§ **Brief**
The entries below hold a line with "expo \<Rightarrow> real^'n" and a line with "with margin 1". Return those lines and all that lie between them, exactly and only.

··· Materials provided

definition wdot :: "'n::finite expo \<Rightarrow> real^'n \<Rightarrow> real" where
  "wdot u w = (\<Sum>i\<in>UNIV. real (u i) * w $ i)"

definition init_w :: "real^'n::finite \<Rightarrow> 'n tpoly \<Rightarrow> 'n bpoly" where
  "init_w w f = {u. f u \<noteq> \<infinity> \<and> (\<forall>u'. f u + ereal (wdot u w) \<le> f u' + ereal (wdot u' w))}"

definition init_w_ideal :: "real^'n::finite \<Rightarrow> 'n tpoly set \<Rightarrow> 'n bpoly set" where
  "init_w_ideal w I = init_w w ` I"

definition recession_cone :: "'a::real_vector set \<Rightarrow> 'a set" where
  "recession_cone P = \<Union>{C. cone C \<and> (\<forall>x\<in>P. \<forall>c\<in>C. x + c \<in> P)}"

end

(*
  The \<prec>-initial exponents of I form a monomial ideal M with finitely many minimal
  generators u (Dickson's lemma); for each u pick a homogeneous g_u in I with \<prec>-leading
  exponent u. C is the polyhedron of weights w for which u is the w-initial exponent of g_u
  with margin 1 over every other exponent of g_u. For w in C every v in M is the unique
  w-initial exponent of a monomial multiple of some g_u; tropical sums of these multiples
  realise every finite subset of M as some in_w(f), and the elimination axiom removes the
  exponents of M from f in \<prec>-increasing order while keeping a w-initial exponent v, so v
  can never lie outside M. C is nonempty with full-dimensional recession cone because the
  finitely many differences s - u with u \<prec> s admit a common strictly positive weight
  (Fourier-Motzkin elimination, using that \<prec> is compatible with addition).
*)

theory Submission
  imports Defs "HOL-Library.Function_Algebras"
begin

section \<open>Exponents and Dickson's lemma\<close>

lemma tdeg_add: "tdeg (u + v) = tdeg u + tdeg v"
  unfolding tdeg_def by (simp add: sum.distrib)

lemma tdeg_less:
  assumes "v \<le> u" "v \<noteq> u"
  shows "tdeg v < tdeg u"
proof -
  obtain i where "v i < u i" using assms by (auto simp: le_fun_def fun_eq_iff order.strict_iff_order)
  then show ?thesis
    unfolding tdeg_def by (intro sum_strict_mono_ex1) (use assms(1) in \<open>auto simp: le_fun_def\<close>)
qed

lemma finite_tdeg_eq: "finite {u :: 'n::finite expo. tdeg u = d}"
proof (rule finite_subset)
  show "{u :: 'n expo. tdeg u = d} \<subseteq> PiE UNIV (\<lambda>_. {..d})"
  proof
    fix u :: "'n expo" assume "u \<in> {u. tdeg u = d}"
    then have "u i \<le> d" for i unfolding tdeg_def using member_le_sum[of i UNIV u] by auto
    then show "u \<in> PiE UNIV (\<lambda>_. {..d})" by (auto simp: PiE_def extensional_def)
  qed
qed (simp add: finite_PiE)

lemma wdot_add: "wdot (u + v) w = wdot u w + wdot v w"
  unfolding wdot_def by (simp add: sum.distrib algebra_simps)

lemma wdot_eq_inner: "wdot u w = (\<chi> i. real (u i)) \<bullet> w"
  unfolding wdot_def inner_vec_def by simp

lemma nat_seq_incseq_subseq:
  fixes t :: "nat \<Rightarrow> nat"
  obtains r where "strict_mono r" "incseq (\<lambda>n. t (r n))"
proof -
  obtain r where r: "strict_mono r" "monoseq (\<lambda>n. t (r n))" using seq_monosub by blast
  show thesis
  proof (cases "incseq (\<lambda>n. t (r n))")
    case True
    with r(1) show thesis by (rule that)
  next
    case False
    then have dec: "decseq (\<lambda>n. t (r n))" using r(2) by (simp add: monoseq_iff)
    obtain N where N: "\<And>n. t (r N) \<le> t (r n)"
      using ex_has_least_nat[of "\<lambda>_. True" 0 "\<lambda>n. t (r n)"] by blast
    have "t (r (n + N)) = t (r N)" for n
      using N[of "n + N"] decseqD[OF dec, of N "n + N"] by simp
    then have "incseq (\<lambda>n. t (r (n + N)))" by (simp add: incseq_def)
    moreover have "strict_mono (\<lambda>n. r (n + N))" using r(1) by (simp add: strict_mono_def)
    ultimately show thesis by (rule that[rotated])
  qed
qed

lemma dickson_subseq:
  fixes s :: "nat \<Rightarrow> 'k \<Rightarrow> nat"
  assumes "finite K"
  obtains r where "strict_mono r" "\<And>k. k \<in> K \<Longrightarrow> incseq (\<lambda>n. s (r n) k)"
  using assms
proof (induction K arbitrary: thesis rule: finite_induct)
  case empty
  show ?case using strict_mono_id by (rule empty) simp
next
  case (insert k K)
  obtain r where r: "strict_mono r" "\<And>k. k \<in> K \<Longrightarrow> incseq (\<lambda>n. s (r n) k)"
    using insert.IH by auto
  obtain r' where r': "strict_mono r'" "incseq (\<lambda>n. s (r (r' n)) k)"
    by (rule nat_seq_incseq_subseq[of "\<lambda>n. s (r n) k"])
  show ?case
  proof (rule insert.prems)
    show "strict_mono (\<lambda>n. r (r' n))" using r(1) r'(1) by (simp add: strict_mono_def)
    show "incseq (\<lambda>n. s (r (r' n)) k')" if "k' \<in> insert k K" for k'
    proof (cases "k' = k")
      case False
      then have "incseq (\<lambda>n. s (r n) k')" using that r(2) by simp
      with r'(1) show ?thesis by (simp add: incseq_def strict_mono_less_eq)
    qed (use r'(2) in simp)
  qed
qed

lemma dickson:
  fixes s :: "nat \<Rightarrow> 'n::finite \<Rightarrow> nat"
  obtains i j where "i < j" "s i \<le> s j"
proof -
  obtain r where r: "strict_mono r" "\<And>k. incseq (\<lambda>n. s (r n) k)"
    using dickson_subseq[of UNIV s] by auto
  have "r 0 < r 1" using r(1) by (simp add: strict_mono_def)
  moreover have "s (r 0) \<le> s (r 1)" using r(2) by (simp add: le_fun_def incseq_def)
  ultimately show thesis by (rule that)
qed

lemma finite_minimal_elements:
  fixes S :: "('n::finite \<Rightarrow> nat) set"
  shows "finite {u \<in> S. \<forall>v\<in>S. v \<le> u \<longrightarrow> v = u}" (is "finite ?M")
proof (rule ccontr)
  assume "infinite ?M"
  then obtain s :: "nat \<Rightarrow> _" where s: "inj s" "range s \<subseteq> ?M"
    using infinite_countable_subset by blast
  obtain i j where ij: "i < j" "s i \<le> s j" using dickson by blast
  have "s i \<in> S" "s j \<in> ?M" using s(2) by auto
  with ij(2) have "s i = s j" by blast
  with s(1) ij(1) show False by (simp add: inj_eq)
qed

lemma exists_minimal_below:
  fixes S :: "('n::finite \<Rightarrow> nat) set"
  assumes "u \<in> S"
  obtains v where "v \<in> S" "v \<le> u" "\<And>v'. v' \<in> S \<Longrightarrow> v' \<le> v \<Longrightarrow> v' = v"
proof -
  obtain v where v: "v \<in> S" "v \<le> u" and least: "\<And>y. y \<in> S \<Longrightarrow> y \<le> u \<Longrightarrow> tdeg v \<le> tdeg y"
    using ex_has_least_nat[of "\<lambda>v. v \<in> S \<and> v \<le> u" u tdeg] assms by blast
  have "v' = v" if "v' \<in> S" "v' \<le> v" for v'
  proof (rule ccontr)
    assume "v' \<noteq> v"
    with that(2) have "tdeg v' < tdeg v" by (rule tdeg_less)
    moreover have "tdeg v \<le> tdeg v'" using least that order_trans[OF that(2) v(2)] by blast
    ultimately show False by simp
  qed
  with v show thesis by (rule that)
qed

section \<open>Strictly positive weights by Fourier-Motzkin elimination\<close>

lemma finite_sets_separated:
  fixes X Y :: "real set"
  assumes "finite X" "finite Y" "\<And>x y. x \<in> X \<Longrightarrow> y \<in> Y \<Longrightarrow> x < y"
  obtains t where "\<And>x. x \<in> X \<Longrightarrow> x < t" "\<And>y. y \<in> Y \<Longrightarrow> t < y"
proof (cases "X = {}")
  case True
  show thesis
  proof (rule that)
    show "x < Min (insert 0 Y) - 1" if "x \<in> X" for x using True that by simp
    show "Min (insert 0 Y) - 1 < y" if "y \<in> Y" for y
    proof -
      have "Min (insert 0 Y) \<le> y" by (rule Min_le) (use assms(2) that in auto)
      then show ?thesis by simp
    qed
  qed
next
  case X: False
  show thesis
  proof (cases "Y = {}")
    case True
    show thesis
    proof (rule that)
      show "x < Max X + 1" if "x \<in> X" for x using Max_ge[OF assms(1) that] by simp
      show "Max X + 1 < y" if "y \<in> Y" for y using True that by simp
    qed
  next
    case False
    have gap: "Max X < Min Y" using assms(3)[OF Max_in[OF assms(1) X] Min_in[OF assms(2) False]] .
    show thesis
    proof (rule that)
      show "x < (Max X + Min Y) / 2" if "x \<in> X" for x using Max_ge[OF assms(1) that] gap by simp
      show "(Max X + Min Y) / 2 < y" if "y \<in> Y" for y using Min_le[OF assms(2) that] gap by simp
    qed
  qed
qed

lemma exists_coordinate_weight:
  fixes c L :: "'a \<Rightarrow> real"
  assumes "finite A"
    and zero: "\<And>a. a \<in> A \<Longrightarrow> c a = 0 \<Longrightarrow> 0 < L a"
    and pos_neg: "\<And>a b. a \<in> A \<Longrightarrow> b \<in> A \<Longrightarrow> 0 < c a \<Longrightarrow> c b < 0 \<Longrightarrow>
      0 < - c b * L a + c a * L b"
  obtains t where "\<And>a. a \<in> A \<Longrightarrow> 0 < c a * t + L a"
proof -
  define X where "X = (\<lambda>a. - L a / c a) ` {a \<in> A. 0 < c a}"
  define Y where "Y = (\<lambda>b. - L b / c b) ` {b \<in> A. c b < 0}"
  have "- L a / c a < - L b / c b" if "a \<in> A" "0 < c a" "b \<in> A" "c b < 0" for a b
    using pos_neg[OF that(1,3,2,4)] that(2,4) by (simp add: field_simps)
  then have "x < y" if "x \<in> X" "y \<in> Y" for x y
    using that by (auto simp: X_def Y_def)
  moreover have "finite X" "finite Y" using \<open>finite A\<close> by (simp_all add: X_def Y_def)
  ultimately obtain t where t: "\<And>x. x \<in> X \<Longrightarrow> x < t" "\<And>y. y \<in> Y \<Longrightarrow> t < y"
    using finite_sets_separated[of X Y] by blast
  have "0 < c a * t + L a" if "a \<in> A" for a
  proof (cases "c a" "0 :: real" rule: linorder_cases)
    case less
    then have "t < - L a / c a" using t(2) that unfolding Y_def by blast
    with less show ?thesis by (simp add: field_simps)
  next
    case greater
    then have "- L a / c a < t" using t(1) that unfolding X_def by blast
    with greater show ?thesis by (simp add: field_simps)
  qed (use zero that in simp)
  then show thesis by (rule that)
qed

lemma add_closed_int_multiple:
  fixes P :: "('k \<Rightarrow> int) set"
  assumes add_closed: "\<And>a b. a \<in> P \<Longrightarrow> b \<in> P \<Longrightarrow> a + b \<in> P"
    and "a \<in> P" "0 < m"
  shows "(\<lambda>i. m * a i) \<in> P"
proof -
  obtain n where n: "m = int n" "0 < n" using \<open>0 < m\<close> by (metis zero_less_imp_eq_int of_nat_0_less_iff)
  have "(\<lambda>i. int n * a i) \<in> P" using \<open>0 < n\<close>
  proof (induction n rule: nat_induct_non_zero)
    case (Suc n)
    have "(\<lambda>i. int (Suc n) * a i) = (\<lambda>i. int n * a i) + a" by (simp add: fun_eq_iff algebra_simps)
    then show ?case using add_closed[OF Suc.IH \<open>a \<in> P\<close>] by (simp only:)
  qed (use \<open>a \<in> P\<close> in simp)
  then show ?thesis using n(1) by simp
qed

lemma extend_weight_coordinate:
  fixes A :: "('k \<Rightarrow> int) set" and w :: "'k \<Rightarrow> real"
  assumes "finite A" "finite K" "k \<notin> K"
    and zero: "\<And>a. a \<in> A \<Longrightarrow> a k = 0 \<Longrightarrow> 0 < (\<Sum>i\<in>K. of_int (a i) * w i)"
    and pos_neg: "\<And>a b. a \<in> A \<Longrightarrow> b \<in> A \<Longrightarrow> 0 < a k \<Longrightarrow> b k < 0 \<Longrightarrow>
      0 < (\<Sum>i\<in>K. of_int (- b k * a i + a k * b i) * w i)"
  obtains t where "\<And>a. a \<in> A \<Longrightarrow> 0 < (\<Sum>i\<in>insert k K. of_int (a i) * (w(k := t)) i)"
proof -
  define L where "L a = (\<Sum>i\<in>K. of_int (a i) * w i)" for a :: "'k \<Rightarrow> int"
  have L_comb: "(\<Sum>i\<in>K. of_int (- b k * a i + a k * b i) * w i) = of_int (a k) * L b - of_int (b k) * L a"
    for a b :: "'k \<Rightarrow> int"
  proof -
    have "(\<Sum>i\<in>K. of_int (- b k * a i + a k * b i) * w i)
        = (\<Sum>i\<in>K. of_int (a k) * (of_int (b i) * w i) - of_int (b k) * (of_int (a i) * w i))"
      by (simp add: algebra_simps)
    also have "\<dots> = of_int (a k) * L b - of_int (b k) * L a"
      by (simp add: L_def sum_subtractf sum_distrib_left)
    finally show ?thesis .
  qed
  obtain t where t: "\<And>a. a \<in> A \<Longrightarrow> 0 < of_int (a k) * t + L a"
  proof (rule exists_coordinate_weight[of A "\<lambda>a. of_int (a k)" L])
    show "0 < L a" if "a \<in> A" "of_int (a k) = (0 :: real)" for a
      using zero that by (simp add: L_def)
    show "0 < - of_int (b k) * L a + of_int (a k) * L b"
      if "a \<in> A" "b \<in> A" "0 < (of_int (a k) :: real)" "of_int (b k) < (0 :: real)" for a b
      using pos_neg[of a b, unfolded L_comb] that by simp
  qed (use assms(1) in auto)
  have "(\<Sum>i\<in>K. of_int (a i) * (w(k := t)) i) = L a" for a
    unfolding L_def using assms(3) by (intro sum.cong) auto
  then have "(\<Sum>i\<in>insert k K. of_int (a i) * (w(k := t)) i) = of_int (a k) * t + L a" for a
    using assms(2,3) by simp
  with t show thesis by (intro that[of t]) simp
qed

······
··· Materials provided

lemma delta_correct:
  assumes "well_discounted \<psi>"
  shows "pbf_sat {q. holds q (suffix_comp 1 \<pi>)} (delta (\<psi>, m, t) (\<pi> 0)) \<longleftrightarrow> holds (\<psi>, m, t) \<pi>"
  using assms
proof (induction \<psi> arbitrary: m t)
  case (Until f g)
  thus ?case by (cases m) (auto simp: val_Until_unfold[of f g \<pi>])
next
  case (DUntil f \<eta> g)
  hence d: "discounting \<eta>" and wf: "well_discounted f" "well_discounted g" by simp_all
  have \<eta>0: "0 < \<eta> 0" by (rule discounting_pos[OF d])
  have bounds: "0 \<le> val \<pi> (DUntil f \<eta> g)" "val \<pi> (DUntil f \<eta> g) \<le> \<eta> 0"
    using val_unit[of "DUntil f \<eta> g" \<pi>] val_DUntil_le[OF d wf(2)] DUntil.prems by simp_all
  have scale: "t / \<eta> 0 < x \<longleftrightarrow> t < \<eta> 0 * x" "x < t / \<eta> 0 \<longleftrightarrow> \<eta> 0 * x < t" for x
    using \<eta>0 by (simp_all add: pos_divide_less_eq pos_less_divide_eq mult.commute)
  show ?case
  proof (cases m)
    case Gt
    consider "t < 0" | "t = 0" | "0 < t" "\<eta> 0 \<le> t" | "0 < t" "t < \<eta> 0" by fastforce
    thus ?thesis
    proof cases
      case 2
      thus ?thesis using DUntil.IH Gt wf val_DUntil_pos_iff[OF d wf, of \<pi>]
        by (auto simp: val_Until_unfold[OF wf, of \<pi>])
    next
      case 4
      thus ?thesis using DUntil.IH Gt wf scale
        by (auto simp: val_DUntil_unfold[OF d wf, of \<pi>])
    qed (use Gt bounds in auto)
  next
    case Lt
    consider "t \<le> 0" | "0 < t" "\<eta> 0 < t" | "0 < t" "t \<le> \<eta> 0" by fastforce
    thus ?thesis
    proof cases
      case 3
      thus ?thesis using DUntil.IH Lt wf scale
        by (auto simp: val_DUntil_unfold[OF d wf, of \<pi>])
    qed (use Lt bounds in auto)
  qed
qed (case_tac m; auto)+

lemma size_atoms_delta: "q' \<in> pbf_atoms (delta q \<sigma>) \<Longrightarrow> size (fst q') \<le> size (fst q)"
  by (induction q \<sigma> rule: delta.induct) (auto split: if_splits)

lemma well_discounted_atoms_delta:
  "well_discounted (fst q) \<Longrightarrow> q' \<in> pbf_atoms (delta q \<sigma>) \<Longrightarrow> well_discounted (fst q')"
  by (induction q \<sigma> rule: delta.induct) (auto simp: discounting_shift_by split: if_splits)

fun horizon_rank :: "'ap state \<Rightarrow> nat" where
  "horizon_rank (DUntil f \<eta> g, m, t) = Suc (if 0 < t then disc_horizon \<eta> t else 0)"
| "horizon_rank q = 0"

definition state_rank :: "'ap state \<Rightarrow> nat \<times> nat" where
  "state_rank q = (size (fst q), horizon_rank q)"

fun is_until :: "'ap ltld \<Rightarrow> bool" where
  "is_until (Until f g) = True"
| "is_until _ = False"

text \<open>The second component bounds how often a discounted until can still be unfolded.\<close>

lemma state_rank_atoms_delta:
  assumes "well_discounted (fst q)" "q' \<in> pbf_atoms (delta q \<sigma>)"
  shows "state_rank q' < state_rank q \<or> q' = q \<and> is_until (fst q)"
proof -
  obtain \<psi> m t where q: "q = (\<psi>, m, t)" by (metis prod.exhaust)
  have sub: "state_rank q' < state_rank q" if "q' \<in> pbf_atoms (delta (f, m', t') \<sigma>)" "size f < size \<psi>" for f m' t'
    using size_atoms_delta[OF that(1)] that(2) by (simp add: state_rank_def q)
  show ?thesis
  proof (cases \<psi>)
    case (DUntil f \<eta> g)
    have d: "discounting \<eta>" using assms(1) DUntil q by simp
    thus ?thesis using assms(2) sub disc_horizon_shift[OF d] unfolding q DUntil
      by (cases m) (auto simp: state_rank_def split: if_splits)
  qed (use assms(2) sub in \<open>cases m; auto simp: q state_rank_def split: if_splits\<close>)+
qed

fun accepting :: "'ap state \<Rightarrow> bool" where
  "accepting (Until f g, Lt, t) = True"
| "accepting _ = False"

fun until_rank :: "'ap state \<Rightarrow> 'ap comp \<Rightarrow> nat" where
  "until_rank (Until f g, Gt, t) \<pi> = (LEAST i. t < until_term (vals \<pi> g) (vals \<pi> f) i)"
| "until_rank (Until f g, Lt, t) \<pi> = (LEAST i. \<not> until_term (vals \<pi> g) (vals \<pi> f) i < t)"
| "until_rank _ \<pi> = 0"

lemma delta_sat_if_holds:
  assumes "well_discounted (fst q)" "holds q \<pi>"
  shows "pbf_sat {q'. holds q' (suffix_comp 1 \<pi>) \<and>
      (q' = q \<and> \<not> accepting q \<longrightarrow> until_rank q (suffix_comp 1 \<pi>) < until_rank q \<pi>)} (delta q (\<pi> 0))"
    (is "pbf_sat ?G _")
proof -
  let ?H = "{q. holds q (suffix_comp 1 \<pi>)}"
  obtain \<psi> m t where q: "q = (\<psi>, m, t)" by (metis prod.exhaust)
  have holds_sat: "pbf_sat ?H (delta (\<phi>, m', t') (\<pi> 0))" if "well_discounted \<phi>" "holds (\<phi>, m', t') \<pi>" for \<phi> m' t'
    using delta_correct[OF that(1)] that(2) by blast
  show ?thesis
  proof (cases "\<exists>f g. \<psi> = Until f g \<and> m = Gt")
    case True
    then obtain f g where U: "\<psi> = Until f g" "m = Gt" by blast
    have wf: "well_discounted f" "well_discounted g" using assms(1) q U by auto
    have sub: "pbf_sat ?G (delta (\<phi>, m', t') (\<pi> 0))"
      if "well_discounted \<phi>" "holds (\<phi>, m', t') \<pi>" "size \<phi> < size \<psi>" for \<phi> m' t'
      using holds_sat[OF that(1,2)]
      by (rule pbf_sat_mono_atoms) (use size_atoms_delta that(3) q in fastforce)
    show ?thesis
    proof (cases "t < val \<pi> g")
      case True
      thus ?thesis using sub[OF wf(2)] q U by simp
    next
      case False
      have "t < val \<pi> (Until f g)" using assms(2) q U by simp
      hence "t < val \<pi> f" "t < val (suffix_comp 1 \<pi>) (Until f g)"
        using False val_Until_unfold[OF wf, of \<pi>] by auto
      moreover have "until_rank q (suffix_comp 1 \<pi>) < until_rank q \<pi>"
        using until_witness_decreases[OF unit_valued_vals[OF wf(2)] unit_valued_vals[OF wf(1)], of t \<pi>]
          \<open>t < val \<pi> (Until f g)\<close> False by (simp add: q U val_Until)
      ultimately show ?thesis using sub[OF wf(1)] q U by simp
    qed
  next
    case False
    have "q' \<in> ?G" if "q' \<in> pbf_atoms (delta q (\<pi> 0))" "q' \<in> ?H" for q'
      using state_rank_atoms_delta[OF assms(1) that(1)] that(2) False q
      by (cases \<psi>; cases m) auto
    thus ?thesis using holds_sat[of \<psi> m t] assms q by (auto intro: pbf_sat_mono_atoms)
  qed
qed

······
··· Materials provided

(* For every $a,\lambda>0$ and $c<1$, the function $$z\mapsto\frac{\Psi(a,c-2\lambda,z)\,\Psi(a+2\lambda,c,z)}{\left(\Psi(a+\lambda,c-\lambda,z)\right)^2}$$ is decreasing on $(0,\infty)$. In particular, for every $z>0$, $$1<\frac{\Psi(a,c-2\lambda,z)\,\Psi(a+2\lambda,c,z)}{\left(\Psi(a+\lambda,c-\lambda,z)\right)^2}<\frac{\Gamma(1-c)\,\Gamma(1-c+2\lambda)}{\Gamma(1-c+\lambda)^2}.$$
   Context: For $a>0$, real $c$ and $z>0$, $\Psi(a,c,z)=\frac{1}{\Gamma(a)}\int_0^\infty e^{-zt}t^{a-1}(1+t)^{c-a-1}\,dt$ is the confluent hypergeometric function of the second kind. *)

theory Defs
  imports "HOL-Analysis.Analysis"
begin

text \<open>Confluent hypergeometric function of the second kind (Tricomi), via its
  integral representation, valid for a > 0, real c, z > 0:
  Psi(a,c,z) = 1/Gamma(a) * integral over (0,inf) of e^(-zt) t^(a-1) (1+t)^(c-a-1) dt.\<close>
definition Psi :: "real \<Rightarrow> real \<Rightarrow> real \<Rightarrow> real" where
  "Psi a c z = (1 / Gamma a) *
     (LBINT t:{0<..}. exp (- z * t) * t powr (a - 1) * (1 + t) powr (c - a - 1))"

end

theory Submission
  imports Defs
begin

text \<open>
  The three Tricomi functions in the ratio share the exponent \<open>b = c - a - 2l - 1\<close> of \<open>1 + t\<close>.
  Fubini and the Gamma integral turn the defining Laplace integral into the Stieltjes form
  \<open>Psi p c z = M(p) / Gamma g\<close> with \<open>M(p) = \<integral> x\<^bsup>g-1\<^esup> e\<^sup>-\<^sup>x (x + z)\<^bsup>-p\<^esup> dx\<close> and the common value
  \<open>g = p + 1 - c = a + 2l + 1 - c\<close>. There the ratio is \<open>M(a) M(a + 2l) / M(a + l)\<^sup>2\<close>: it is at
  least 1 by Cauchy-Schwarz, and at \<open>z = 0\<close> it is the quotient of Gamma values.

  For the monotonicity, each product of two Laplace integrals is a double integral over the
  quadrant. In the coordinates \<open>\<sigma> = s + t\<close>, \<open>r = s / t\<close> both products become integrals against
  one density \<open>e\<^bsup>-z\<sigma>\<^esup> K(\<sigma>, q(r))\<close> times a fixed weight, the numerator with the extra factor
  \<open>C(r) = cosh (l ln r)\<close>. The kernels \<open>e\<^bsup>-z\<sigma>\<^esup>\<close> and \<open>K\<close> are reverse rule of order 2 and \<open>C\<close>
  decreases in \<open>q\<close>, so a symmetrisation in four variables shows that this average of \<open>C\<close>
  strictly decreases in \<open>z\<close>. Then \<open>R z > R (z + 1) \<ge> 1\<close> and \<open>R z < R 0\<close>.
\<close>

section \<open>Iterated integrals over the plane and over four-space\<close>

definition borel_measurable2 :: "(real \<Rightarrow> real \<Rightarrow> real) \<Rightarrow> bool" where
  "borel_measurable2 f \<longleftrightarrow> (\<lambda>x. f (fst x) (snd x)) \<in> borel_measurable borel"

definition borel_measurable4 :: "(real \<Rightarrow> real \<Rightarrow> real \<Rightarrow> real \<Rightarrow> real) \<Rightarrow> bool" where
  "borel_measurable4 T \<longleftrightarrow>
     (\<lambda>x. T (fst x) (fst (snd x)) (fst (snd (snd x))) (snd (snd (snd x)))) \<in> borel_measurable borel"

······

§ **Result for this exercise**
definition wdot :: "'n::finite expo \<Rightarrow> real^'n \<Rightarrow> real" where
  "wdot u w = (\<Sum>i\<in>UNIV. real (u i) * w $ i)"

definition init_w :: "real^'n::finite \<Rightarrow> 'n tpoly \<Rightarrow> 'n bpoly" where
  "init_w w f = {u. f u \<noteq> \<infinity> \<and> (\<forall>u'. f u + ereal (wdot u w) \<le> f u' + ereal (wdot u' w))}"

definition init_w_ideal :: "real^'n::finite \<Rightarrow> 'n tpoly set \<Rightarrow> 'n bpoly set" where
  "init_w_ideal w I = init_w w ` I"

definition recession_cone :: "'a::real_vector set \<Rightarrow> 'a set" where
  "recession_cone P = \<Union>{C. cone C \<and> (\<forall>x\<in>P. \<forall>c\<in>C. x + c \<in> P)}"

end

(*
  The \<prec>-initial exponents of I form a monomial ideal M with finitely many minimal
  generators u (Dickson's lemma); for each u pick a homogeneous g_u in I with \<prec>-leading
  exponent u. C is the polyhedron of weights w for which u is the w-initial exponent of g_u
  with margin 1 over every other exponent of g_u. For w in C every v in M is the unique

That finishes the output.